The purpose of worship — from experience to encounter

In a 2005 interview with Christianity Today, Eugene Peterson said, “Do we realize how almost exactly the Baal culture of Canaan is reproduced in American church culture? Baal religion is about what makes you feel good. Baal worship is a total immersion in what I can get out of it. And of course, it was incredibly successful. The Baal priests could gather crowds that outnumbered followers of Yahweh 20 to 1.”

Experience-based religion is Baal worship. A focus on me and my emotional response to the setting, the music, the preaching is not what biblical worship is about.

When I was writing the study guide to Eugene Peterson’s book The Jesus Way, I was surprised when I came to the chapter on worship. There are all kinds of adjectives that I would have expected to use when describing worship — authentic, passionate, heart-felt — but none of those are words that Eugene used.

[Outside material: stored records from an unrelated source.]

lemma nontrivial_solution_2x2_iff:
  fixes a x y :: "'a :: field"
  shows "(\<exists>p q. (p \<noteq> 0 \<or> q \<noteq> 0) \<and> a * p = q * x \<and> a * q = p * y) \<longleftrightarrow> a\<^sup>2 = x * y"
proof
  assume "\<exists>p q. (p \<noteq> 0 \<or> q \<noteq> 0) \<and> a * p = q * x \<and> a * q = p * y"
  then obtain p q where pq: "p \<noteq> 0 \<or> q \<noteq> 0" "a * p = q * x" "a * q = p * y" by blast
  have "a\<^sup>2 * p = a * (a * p)" by (simp add: power2_eq_square)
  also have "\<dots> = x * (a * q)" unfolding pq(2) by (simp add: algebra_simps)
  also have "\<dots> = x * y * p" unfolding pq(3) by (simp add: algebra_simps)
  finally have p: "(a\<^sup>2 - x * y) * p = 0" by (simp add: algebra_simps)
  have "a\<^sup>2 * q = a * (a * q)" by (simp add: power2_eq_square)
  also have "\<dots> = y * (a * p)" unfolding pq(3) by (simp add: algebra_simps)
  also have "\<dots> = x * y * q" unfolding pq(2) by (simp add: algebra_simps)
  finally have q: "(a\<^sup>2 - x * y) * q = 0" by (simp add: algebra_simps)
  show "a\<^sup>2 = x * y" using p q pq(1) by auto
next
  assume sq: "a\<^sup>2 = x * y"
  show "\<exists>p q. (p \<noteq> 0 \<or> q \<noteq> 0) \<and> a * p = q * x \<and> a * q = p * y"
  proof (cases "x = 0")
    case True
    thus ?thesis using sq by (intro exI[of _ 0] exI[of _ 1]) simp
  next
    case False
    thus ?thesis using sq by (intro exI[of _ x] exI[of _ a]) (simp add: power2_eq_square algebra_simps)
  qed
qed

lemma spectral_radius_E_op_singleton:
  assumes "0 < n" and "G i \<in> carrier_vec n"
  shows "spectral_radius (E_op n {i} F G) = cmod (ip (G i) (F i))"
proof -
  have "spectral_radius (E_op n {i} F G) = Max (norm ` insert 0 {ip (G i) (F i)})"
    using assms eigenvalue_E_op_singleton_iff[of G i n _ F]
    by (intro spectral_radius_eq_Max_nonzero_eigenvalues[OF E_op_carrier]) auto
  thus ?thesis by simp
qed

lemma spectral_radius_E_op_pair:
  assumes "0 < n" and ij: "i \<noteq> j" and G: "G i \<in> carrier_vec n" "G j \<in> carrier_vec n"
    and diag: "ip (G i) (F i) = c" "ip (G j) (F j) = c"
    and s: "s\<^sup>2 = ip (G j) (F i) * ip (G i) (F j)"
  shows "spectral_radius (E_op n {i, j} F G) = max (cmod (c + s)) (cmod (c - s))"
proof -
  have eigenvalues: "eigenvalue (E_op n {i, j} F G) l \<longleftrightarrow> l \<in> {c + s, c - s}" if "l \<noteq> 0" for l
  proof -
    have "(l - c)\<^sup>2 = s\<^sup>2 \<longleftrightarrow> (l - (c + s)) * (l - (c - s)) = 0"
      by (simp add: power2_eq_square algebra_simps)
    thus ?thesis
      unfolding eigenvalue_E_op_pair_iff[OF ij G diag that] nontrivial_solution_2x2_iff s[symmetric]
      by auto
  qed
  have "spectral_radius (E_op n {i, j} F G) = Max (norm ` insert 0 {c + s, c - s})"
    by (rule spectral_radius_eq_Max_nonzero_eigenvalues[OF E_op_carrier assms(1) _ eigenvalues]) simp
  thus ?thesis by (simp add: max_def)
qed


subsection \<open>Traces of dual pairs\<close>

lemma dual_pair_carrier:
  assumes "dual_pair n N F G" and "i < N"
  shows "F i \<in> carrier_vec n" and "G i \<in> carrier_vec n"
  using assms by (simp_all add: dual_pair_def is_frame_def)

lemma dual_pair_dim_vec:
  assumes "dual_pair n N F G" and "i < N"
  shows "dim_vec (F i) = n" and "dim_vec (G i) = n"
  using dual_pair_carrier[OF assms] by auto

lemma dual_pair_resolution_of_identity:
  assumes d: "dual_pair n N F G" and k: "k < n" and l: "l < n"
  shows "(\<Sum>i<N. F i $ k * cnj (G i $ l)) = (if k = l then 1 else 0)"
proof -
  have "unit_vec n l = finsum_vec TYPE(complex) n (\<lambda>i. ip (unit_vec n l) (G i) \<cdot>\<^sub>v F i) {..<N}"
    using d l unfolding dual_pair_def by auto
  hence "unit_vec n l $ k = finsum_vec TYPE(complex) n (\<lambda>i. ip (unit_vec n l) (G i) \<cdot>\<^sub>v F i) {..<N} $ k"
    by simp
  also have "\<dots> = (\<Sum>i<N. ip (unit_vec n l) (G i) * F i $ k)"
    by (rule index_finsum_vec_smult[OF dual_pair_carrier(1)[OF d] k])
  also have "\<dots> = (\<Sum>i<N. F i $ k * cnj (G i $ l))"
    using l by (intro sum.cong) (auto simp: ip_unit_vec_left dual_pair_dim_vec[OF d])
  finally show ?thesis using k l by simp
qed

lemma sum_ip_dual_pair:
  assumes d: "dual_pair n N F G"
  shows "(\<Sum>i<N. ip (F i) (G i)) = of_nat n"
proof -
  have "(\<Sum>i<N. ip (F i) (G i)) = (\<Sum>i<N. \<Sum>k<n. F i $ k * cnj (G i $ k))"
    by (intro sum.cong) (auto simp: ip_def dual_pair_dim_vec[OF d])
  also have "\<dots> = (\<Sum>k<n. \<Sum>i<N. F i $ k * cnj (G i $ k))" by (rule sum.swap)
  also have "\<dots> = (\<Sum>k<n. 1)" by (intro sum.cong) (auto simp: dual_pair_resolution_of_identity[OF d])
  finally show ?thesis by simp
qed

definition cross_term :: "(nat \<Rightarrow> complex vec) \<Rightarrow> (nat \<Rightarrow> complex vec) \<Rightarrow> nat \<Rightarrow> nat \<Rightarrow> complex" where
  "cross_term F G i j = ip (F i) (G j) * ip (F j) (G i)"

lemma sum_cross_term_dual_pair:
  assumes d: "dual_pair n N F G"
  shows "(\<Sum>i<N. \<Sum>j<N. cross_term F G i j) = of_nat n"
proof -
  define D where "D k l = (\<Sum>i<N. F i $ k * cnj (G i $ l))" for k l
  define T where "T i j k l = (F i $ k * cnj (G i $ l)) * (F j $ l * cnj (G j $ k))" for i j k l
  have "(\<Sum>i<N. \<Sum>j<N. cross_term F G i j) = (\<Sum>i<N. \<Sum>j<N. \<Sum>k<n. \<Sum>l<n. T i j k l)"
    by (intro sum.cong refl)
      (simp add: cross_term_def ip_def dual_pair_dim_vec[OF d] sum_product T_def algebra_simps)
  also have "\<dots> = (\<Sum>i<N. \<Sum>k<n. \<Sum>j<N. \<Sum>l<n. T i j k l)"
    by (intro sum.cong refl sum.swap)
  also have "\<dots> = (\<Sum>i<N. \<Sum>k<n. \<Sum>l<n. \<Sum>j<N. T i j k l)"
    by (intro sum.cong refl sum.swap)
  also have "\<dots> = (\<Sum>k<n. \<Sum>i<N. \<Sum>l<n. \<Sum>j<N. T i j k l)"
    by (rule sum.swap)
  also have "\<dots> = (\<Sum>k<n. \<Sum>l<n. \<Sum>i<N. \<Sum>j<N. T i j k l)"
    by (intro sum.cong refl sum.swap)
  also have "\<dots> = (\<Sum>k<n. \<Sum>l<n. D k l * D l k)"
    by (simp add: D_def T_def sum_product)
  also have "\<dots> = (\<Sum>k<n. \<Sum>l<n. if k = l then 1 else 0)"
    unfolding D_def by (intro sum.cong refl) (auto simp: dual_pair_resolution_of_identity[OF d])
  finally show ?thesis by simp
qed


subsection \<open>Pairs optimal for \<open>r\<^sup>(\<^sup>1\<^sup>)\<close>\<close>

lemma r_m_1_eq_Max:
  assumes "0 < n" and "\<And>i. i < N \<Longrightarrow> G i \<in> carrier_vec n"
  shows "r_m 1 n N F G = Max ((\<lambda>i. cmod (ip (G i) (F i))) ` {..<N})"
proof -
  have singletons: "subsets_m N 1 = (\<lambda>i. {i}) ` {..<N}"
    by (auto simp: subsets_m_def card_1_singleton_iff)
  have "r_m 1 n N F G = Max ((\<lambda>i. spectral_radius (E_op n {i} F G)) ` {..<N})"
    unfolding r_m_def singletons image_image ..
  also have "\<dots> = Max ((\<lambda>i. cmod (ip (G i) (F i))) ` {..<N})"
    using assms by (intro arg_cong[where f = Max] image_cong refl) (simp add: spectral_radius_E_op_singleton)
  finally show ?thesis .
qed

lemma norm_ip_le_r_m_1:
  assumes d: "dual_pair n N F G" and "0 < n" and i: "i < N"
  shows "cmod (ip (F i) (G i)) \<le> r_m 1 n N F G"
proof -
  have "cmod (ip (F i) (G i)) = cmod (ip (G i) (F i))"
    using dual_pair_dim_vec[OF d i] by (simp add: ip_swap[of "G i" "F i"])
  also have "\<dots> \<le> Max ((\<lambda>i. cmod (ip (G i) (F i))) ` {..<N})" using i by (intro Max_ge) auto
  also have "\<dots> = r_m 1 n N F G" using r_m_1_eq_Max[OF assms(2) dual_pair_carrier(2)[OF d]] by simp
  finally show ?thesis .
qed
(* Let $\ell$ be a finite linear order with $|\ell|\ge 2$, and let $\mathscr T$ be a Schröder tree on $\ell$ enriched with connected graphs (every $g_v$ connected), with root $r$ and $g=\bigvee\mathscr T$. Then $$\sigma(L(g))=\Big(\prod_{w\in\mathrm{Iv}(\mathscr T),\,w\neq r}\varphi_{N_{rw}}\big(\sigma(\mathscr L(g_w))\big)\Big)\cdot\sigma(\mathscr L(g_r)).$$
   Context: All graphs are finite and simple; $L(g)$ is the Laplacian matrix. Spectra are multisets written multiplicatively (product = multiset union). Segmented partitions and generalized composition: for a finite linear order $\ell$, a segmented partition is a tuple $\pi=(\ell_1,\dots,\ell_k)$ of nonempty consecutive segments whose concatenation is $\ell$; given graphs $g_{\ell_j}$ on $\ell_j$ and a graph $h$ on vertex set $\pi$, $\bigvee_h(g_{\ell_1},\dots,g_{\ell_k})$ is the graph on $\ell$ whose edges are those of the $g_{\ell_j}$ together with all $\{x,y\}$, $x\in\ell_i$, $y\in\ell_j$, for $\{\ell_i,\ell_j\}\in E(h)$. Graph-enriched Schröder trees: a rooted plane tree whose leaves, read left to right, are the elements of $\ell$, each internal vertex having at least two children, together with for each internal vertex $v$ a simple graph $g_v$ on vertex set $\pi_v=(\ell_{v_1},\dots,\ell_{v_k})$, where $v_1,\dots,v_k$ are the children of $v$ left to right and $\ell_u$ is the set of leaves descending from $u$ ($\ell_u=\{u\}$ for a leaf). $\mathrm{Iv}(\mathscr T)$ is the set of internal vertices; $\mathscr T_u$ the subtree rooted at $u$; $\bigvee\mathscr T$ is defined recursively ($\bigvee$ of a single leaf is the one-vertex graph, otherwise $\bigvee\mathscr T=\bigvee_{g_r}(\bigvee\mathscr T_{r_1},\dots,\bigvee\mathscr T_{r_k})$). The matrix $\mathscr L(g_v)$: with $n_i=|\ell_{v_i}|$ and $N_i=\sum_{s:\{\ell_{v_s},\ell_{v_i}\}\in E(g_v)}n_s$, it is the $k\times k$ matrix with diagonal entries $N_i$ and $(i,j)$ entry ($i\ne j$) equal to $-\sqrt{n_in_j}$ if $\{\ell_{v_i},\ell_{v_j}\}\in E(g_v)$ and $0$ otherwise. External valencies: for a non-root internal vertex $w$ with parent $u$, $N_w=\sum_{x:\{\ell_x,\ell_w\}\in E(g_u)}|\ell_x|$; if $r=w_0,w_1,\dots,w_m=w$ is the path from the root to $w$, then $N_{rw}=N_{w_1}+\cdots+N_{w_m}$. The shift operator: for a finite multiset $\omega$ of reals and $s\in\mathbb R$, $\varphi_s(\omega)$ is obtained by removing one occurrence of $0$ from $\omega$ if $0\in\omega$ (and removing nothing otherwise), and then adding $s$ to every remaining element. *)

theory Defs
  imports "Jordan_Normal_Form.Char_Poly" "HOL-Library.Multiset"
begin

definition simple_graph :: "nat \<Rightarrow> nat set set \<Rightarrow> bool" where
  "simple_graph n E \<longleftrightarrow> (\<forall>e\<in>E. \<exists>x y. e = {x, y} \<and> x \<noteq> y \<and> x < n \<and> y < n)"

definition graph_connected :: "nat \<Rightarrow> nat set set \<Rightarrow> bool" where
  "graph_connected n E \<longleftrightarrow>
     (\<forall>i<n. \<forall>j<n. (\<lambda>x y. {x, y} \<in> E)\<^sup>*\<^sup>* i j)"

definition degree :: "nat set set \<Rightarrow> nat \<Rightarrow> nat" where
  "degree E x = card {y. {x, y} \<in> E \<and> y \<noteq> x}"

definition laplacian :: "nat \<Rightarrow> nat set set \<Rightarrow> real mat" where
  "laplacian n E = mat n n (\<lambda>(i, j).
      if i = j then real (degree E i) else if {i, j} \<in> E then -1 else 0)"

definition spec :: "real mat \<Rightarrow> real multiset" where
  "spec A = proots (char_poly A)"

text \<open>A node carries the list of its children (left to right) and a graph on the
  children, whose vertices are the child indices 0..<k.  The leaves, read left to right,
  are the elements of the linear order {0..<n}.\<close>
datatype stree = Leaf | Node "stree list" "nat set set"

lemma stree_size_child: "b \<in> set ts \<Longrightarrow> size b < Suc (size_list size ts)"
  by (induct ts) auto

lemma stree_size_zip: "(a, b) \<in> set (zip xs ts) \<Longrightarrow> size b < Suc (size_list size ts)"
  by (auto dest: set_zip_rightD intro: stree_size_child)

fun nleaves :: "stree \<Rightarrow> nat" where
  "nleaves Leaf = 1"
| "nleaves (Node ts g) = sum_list (map nleaves ts)"

fun wf_stree :: "stree \<Rightarrow> bool" where
  "wf_stree Leaf = True"
| "wf_stree (Node ts g) \<longleftrightarrow> length ts \<ge> 2 \<and> simple_graph (length ts) g \<and> (\<forall>t\<in>set ts. wf_stree t)"

fun conn_stree :: "stree \<Rightarrow> bool" where
  "conn_stree Leaf = True"
| "conn_stree (Node ts g) \<longleftrightarrow> graph_connected (length ts) g \<and> (\<forall>t\<in>set ts. conn_stree t)"

definition offset :: "stree list \<Rightarrow> nat \<Rightarrow> nat" where
  "offset ts i = sum_list (map nleaves (take i ts))"

definition block :: "stree list \<Rightarrow> nat \<Rightarrow> nat set" where
  "block ts i = {offset ts i ..< offset ts i + nleaves (ts ! i)}"

function (sequential) compose :: "stree \<Rightarrow> nat set set" where
  "compose Leaf = {}"
| "compose (Node ts g) =
     (\<Union>(i, t)\<in>set (zip [0..<length ts] ts). ((`) ((+) (offset ts i))) ` compose t)
     \<union> {{x, y} | x y i j. {i, j} \<in> g \<and> i < length ts \<and> j < length ts \<and> x \<in> block ts i \<and> y \<in> block ts j}"

  by pat_completeness auto
termination by (relation "measure size") (auto intro: stree_size_zip)

fun subtree :: "stree \<Rightarrow> nat list \<Rightarrow> stree" where
  "subtree t [] = t"
| "subtree Leaf (i # p) = Leaf"
| "subtree (Node ts g) (i # p) = (if i < length ts then subtree (ts ! i) p else Leaf)"
lemma kraus_map_in_CP_set:
  assumes "\<forall>K\<in>set Ks. K \<in> carrier_mat d2 d1"
    and "sum_mats d1 d1 (map (\<lambda>K. mat_adjoint K * K) Ks) = A"
    and "sum_mats d2 d2 (map (\<lambda>K. K * mat_adjoint K) Ks) = B"
  shows "kraus_map d2 Ks \<in> CP_set d1 d2 A B"
  unfolding CP_set_def using assms by blast

lemma extreme_CP_setI:
  assumes Ks: "\<forall>K\<in>set Ks. K \<in> carrier_mat d2 d1"
    and in_CP: "kraus_map d2 Ks \<in> CP_set d1 d2 A B"
    and face: "\<And>Ls Ls' t. \<forall>K\<in>set Ls. K \<in> carrier_mat d2 d1 \<Longrightarrow>
      sum_mats d1 d1 (map (\<lambda>K. mat_adjoint K * K) Ls) = A \<Longrightarrow>
      sum_mats d2 d2 (map (\<lambda>K. K * mat_adjoint K) Ls) = B \<Longrightarrow>
      0 < t \<Longrightarrow> t < 1 \<Longrightarrow> choi_mixture d1 d2 Ks t Ls Ls' \<Longrightarrow>
      \<forall>i<d2. \<forall>k<d1. \<forall>j<d2. \<forall>l<d1. choi_tensor Ls i k j l = choi_tensor Ks i k j l"
  shows "extreme_map d1 (CP_set d1 d2 A B) (kraus_map d2 Ks)"
  unfolding extreme_map_def
proof (intro conjI notI)
  show "kraus_map d2 Ks \<in> CP_set d1 d2 A B" by (fact in_CP)
next
  assume "\<exists>t. \<exists>\<Phi>1\<in>CP_set d1 d2 A B. \<exists>\<Phi>2\<in>CP_set d1 d2 A B. 0 < t \<and> t < 1 \<and>
    (\<exists>X\<in>carrier_mat d1 d1. \<Phi>1 X \<noteq> \<Phi>2 X) \<and>
    (\<forall>X\<in>carrier_mat d1 d1. kraus_map d2 Ks X = of_real t \<cdot>\<^sub>m \<Phi>1 X + of_real (1 - t) \<cdot>\<^sub>m \<Phi>2 X)"
  then obtain t \<Phi>1 \<Phi>2 X where "\<Phi>1 \<in> CP_set d1 d2 A B" "\<Phi>2 \<in> CP_set d1 d2 A B" and t: "0 < t" "t < 1"
    and X: "X \<in> carrier_mat d1 d1" "\<Phi>1 X \<noteq> \<Phi>2 X"
    and mix: "\<forall>X\<in>carrier_mat d1 d1. kraus_map d2 Ks X = of_real t \<cdot>\<^sub>m \<Phi>1 X + of_real (1 - t) \<cdot>\<^sub>m \<Phi>2 X"
    by blast
  then obtain Ls1 Ls2 where Ls1: "\<forall>K\<in>set Ls1. K \<in> carrier_mat d2 d1"
    "\<forall>X\<in>carrier_mat d1 d1. \<Phi>1 X = kraus_map d2 Ls1 X"
    "sum_mats d1 d1 (map (\<lambda>K. mat_adjoint K * K) Ls1) = A"
    "sum_mats d2 d2 (map (\<lambda>K. K * mat_adjoint K) Ls1) = B"
    and Ls2: "\<forall>K\<in>set Ls2. K \<in> carrier_mat d2 d1"
    "\<forall>X\<in>carrier_mat d1 d1. \<Phi>2 X = kraus_map d2 Ls2 X"
    "sum_mats d1 d1 (map (\<lambda>K. mat_adjoint K * K) Ls2) = A"
    "sum_mats d2 d2 (map (\<lambda>K. K * mat_adjoint K) Ls2) = B"
    unfolding CP_set_def by blast
  have mix12: "choi_mixture d1 d2 Ks t Ls1 Ls2"
    by (rule choi_mixtureI[OF Ks Ls1(1) Ls2(1)]) (use mix Ls1(2) Ls2(2) in simp)
  have G1: "\<forall>i<d2. \<forall>k<d1. \<forall>j<d2. \<forall>l<d1. choi_tensor Ls1 i k j l = choi_tensor Ks i k j l"
    by (rule face[OF Ls1(1,3,4) t mix12])
  have G2: "\<forall>i<d2. \<forall>k<d1. \<forall>j<d2. \<forall>l<d1. choi_tensor Ls2 i k j l = choi_tensor Ks i k j l"
    by (rule face[OF Ls2(1,3,4) _ _ choi_mixture_swap[OF mix12]]) (use t in simp_all)
  have "\<Phi>1 X = kraus_map d2 Ls1 X" using Ls1(2) X(1) by simp
  also have "\<dots> = kraus_map d2 Ls2 X"
    by (rule kraus_map_eqI[OF Ls1(1) Ls2(1) X(1)]) (simp add: G1 G2)
  also have "\<dots> = \<Phi>2 X" using Ls2(2) X(1) by simp
  finally show False using X(2) by simp
qed

text \<open>The quadratic form of the Choi matrix at the vector with entry \<open>x\<close> at \<open>(k, i)\<close>, entry
  \<open>-y\<close> at \<open>(l, j)\<close> and zeros elsewhere.\<close>
definition choi_pair_form :: "complex mat list \<Rightarrow> real \<Rightarrow> nat \<Rightarrow> nat \<Rightarrow> real \<Rightarrow> nat \<Rightarrow> nat \<Rightarrow> complex" where
  "choi_pair_form Ks x i k y j l = of_real (x\<^sup>2) * choi_tensor Ks i k i k
     - of_real (x * y) * (choi_tensor Ks i k j l + choi_tensor Ks j l i k) + of_real (y\<^sup>2) * choi_tensor Ks j l j l"

lemma choi_pair_form_sum_squares:
  "choi_pair_form Ks x i k y j l = of_real (\<Sum>K\<leftarrow>Ks. (cmod (of_real x * K $$ (i, k) - of_real y * K $$ (j, l)))\<^sup>2)"
proof (induction Ks)
  case Nil
  then show ?case by (simp add: choi_pair_form_def choi_tensor_def)
next
  case (Cons K Ks)
  define a where "a = K $$ (i, k)"
  define b where "b = K $$ (j, l)"
  have "complex_of_real ((cmod (of_real x * a - of_real y * b))\<^sup>2)
     = of_real (x\<^sup>2) * (a * cnj a) - of_real (x * y) * (a * cnj b + b * cnj a) + of_real (y\<^sup>2) * (b * cnj b)"
    unfolding complex_norm_square by (simp add: algebra_simps power2_eq_square)
  then have "choi_pair_form (K # Ks) x i k y j l
     = of_real ((cmod (of_real x * a - of_real y * b))\<^sup>2) + choi_pair_form Ks x i k y j l"
    by (simp add: choi_pair_form_def choi_tensor_Cons a_def b_def algebra_simps)
  with Cons show ?case by (simp add: a_def b_def del: of_real_power)
qed

lemma choi_pair_form_mixture:
  assumes "choi_mixture d1 d2 Ks t Ls Ls'" "i < d2" "k < d1" "j < d2" "l < d1"
  shows "choi_pair_form Ks x i k y j l
    = of_real t * choi_pair_form Ls x i k y j l + of_real (1 - t) * choi_pair_form Ls' x i k y j l"
proof -
  have mix: "choi_tensor Ks a b c e = of_real t * choi_tensor Ls a b c e + of_real (1 - t) * choi_tensor Ls' a b c e"
    if "a < d2" "b < d1" "c < d2" "e < d1" for a b c e
    using assms(1) that unfolding choi_mixture_def by blast
  show ?thesis
    unfolding choi_pair_form_def mix[OF assms(2-5)] mix[OF assms(4,5,2,3)] mix[OF assms(2,3,2,3)]
      mix[OF assms(4,5,4,5)]
    by (simp add: algebra_simps)
qed
lemma japan_ge: "1 \<le> japan x" "x \<le> japan x"
  unfolding japan_def by (auto intro: real_le_rsqrt)

lemma scaled_log_le_japan_ln:
  assumes r: "0 < r" and t: "0 < t" and y: "0 \<le> y" "y \<le> 2 * (t / r)"
    and u: "u \<le> 7 + ln (1 + y)"
  shows "r * (1 + u) \<le> 29 * (japan r * ln (japan t))"
proof -
  define L where "L = ln (japan t)"
  have L: "1 / 3 \<le> L" unfolding L_def by (rule ln_japan_ge)
  have "(1 + 2 * t) * (1 + 1 / r) = 1 + 2 * (t / r) + (1 / r + 2 * t)"
    using r by (simp add: field_simps)
  then have "1 + y \<le> (1 + 2 * t) * (1 + 1 / r)"
    using y r t by (simp add: add_increasing2)
  then have "ln (1 + y) \<le> ln (1 + 2 * t) + ln (1 + 1 / r)"
    using y r t by (simp add: ln_mult_pos[symmetric] add_pos_pos)
  moreover have "ln (1 + 1 / r) \<le> 1 / r" using r by (intro ln_add_one_self_le_self) auto
  moreover have "ln (1 + 2 * t) \<le> 2 * L"
  proof -
    have "1 + 2 * t \<le> 2 + t\<^sup>2" using sum_power2_ge_zero[of "t - 1" 0] by (simp add: power2_eq_square algebra_simps)
    then have "ln (1 + 2 * t) \<le> ln (2 + t\<^sup>2)" using t by simp
    then show ?thesis by (simp add: L_def japan_def ln_sqrt add_pos_nonneg)
  qed
  ultimately have "r * (1 + u) \<le> r * (8 + 2 * L + 1 / r)" using u r by (intro mult_left_mono) auto
  also have "\<dots> = 8 * r + 2 * (r * L) + 1" using r by (simp add: algebra_simps)
  also have "\<dots> \<le> 24 * (japan r * L) + 2 * (japan r * L) + 3 * (japan r * L)"
    using mult_mono[OF japan_ge(2)[of r] L] mult_mono[OF japan_ge(1)[of r] L] mult_right_mono[OF japan_ge(2)[of r], of L] L r
    by (intro add_mono) (auto simp: mult_ac)
  finally show ?thesis by (simp add: L_def)
qed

The over-riding word for the chapter on worship was “prophetic.” I was stunned.

The chapter focused on Elijah and the prophets of Baal. Where the Baal prophets offered sincerity, they were sincerely wrong. The Baal prophets offered passion, even to the point of cutting themselves and offering their own blood to their god, but they were passionately wrong. Against these devout but wrong-headed priests of a false god, Elijah offered truth that cut through the lies. This is the prophetic witness: truth that cuts through the lies and gets to the reality of who God is and who we are before him.

John Zimmerman says that the goal of worship is the “Sir, we would see Jesus” of John 12:21. Or as the Living Bible has it: “We would meet Jesus.”

Real worship is an encounter with God, not an experience that makes us feel good. Feeling good is neither here not there. Sometimes it happens in worship. But not always.

There are times when meeting Jesus and encountering the prophetic Word so cuts us to the heart that we feel anything but good. There are times when the Word so shocks us that we want to reject it. There are times when it uncovers the darkness of our souls and not just our questionable actions. There are times when it makes us weep for the world around us that is so desperate and lonely and lost and hopeless and suffering and tragic.

The prophetic is never sentimental, pulling on fond feelings of the past and reproducing them. It never offers an escape from present realities by airbrushing the past so that it glows with a happiness that never existed. No! The prophetic insists on God. The prophetic insists on taking reality seriously — the past, the present, the future. No sentimentality or escapism. No impossible perfections.

Walter Bruggemann says that the prophetic imagination is one of “hopeful realism.” It is always hopeful because it insists on God. And where there is God, there is always hope. As long as God is alive and active in the world, no situation is impossible. But the prophetic is also realistic. It candy-coats nothing. It sees all that is wrong with the world and all that is right with the world and leaves none of it out.

This is why worship without lament is false, for there is so much in us and around us that is just plain wrong to lament over.

This is why worship without redemption is false, for there is God at work in the midst of history, never leaving or forsaking us to the darkness, but always working redemption and reconciliation. Grace, not nice feelings, is at work here.

Real worship, according to Peterson, exposes our idolatries and replaces them with an encounter with the living God.

Therefore, real worship will always undermine us. For, to be honest, we’re more interested in our wants, needs, and feelings than in God.

Every now and then I’ll hear a sermon that is basically a lecture. Now, I like lectures. You may not, but there are some of us who do. I love to learn and I will be sitting there, soaking in all of the truth I can get. And I’ll have this deep sense of satisfaction. But then it’ll occur to me that I’ve encountered truth, but I haven’t encountered the Truth, I haven’t encountered God himself. The preacher will have given me lots of information, but no formation. (See the post on Informed by unformed.) And the lame thing is that I’ll be satisfied with that. I will have satisfied my desire to encounter truth and learn and I will have left with my self-idolatry intact.

Every now and then, I’ll be impressed by the musicians leading worship. I’ll experience a great performance, but I won’t have been led to encounter the living God. Again, experience will satisfy without there being an encounter.

Every aspect of worship must lead us to an encounter with our Lord. As we do so, we should find our wants, needs, and feelings unthroned as God takes his rightful place as King. This doesn’t require polish and spectacle. It can happen anywhere that prayers are prayed and the Scriptures are read. What it does require is prayerfulness and intentionality, self-offering and the expectation to meet Jesus.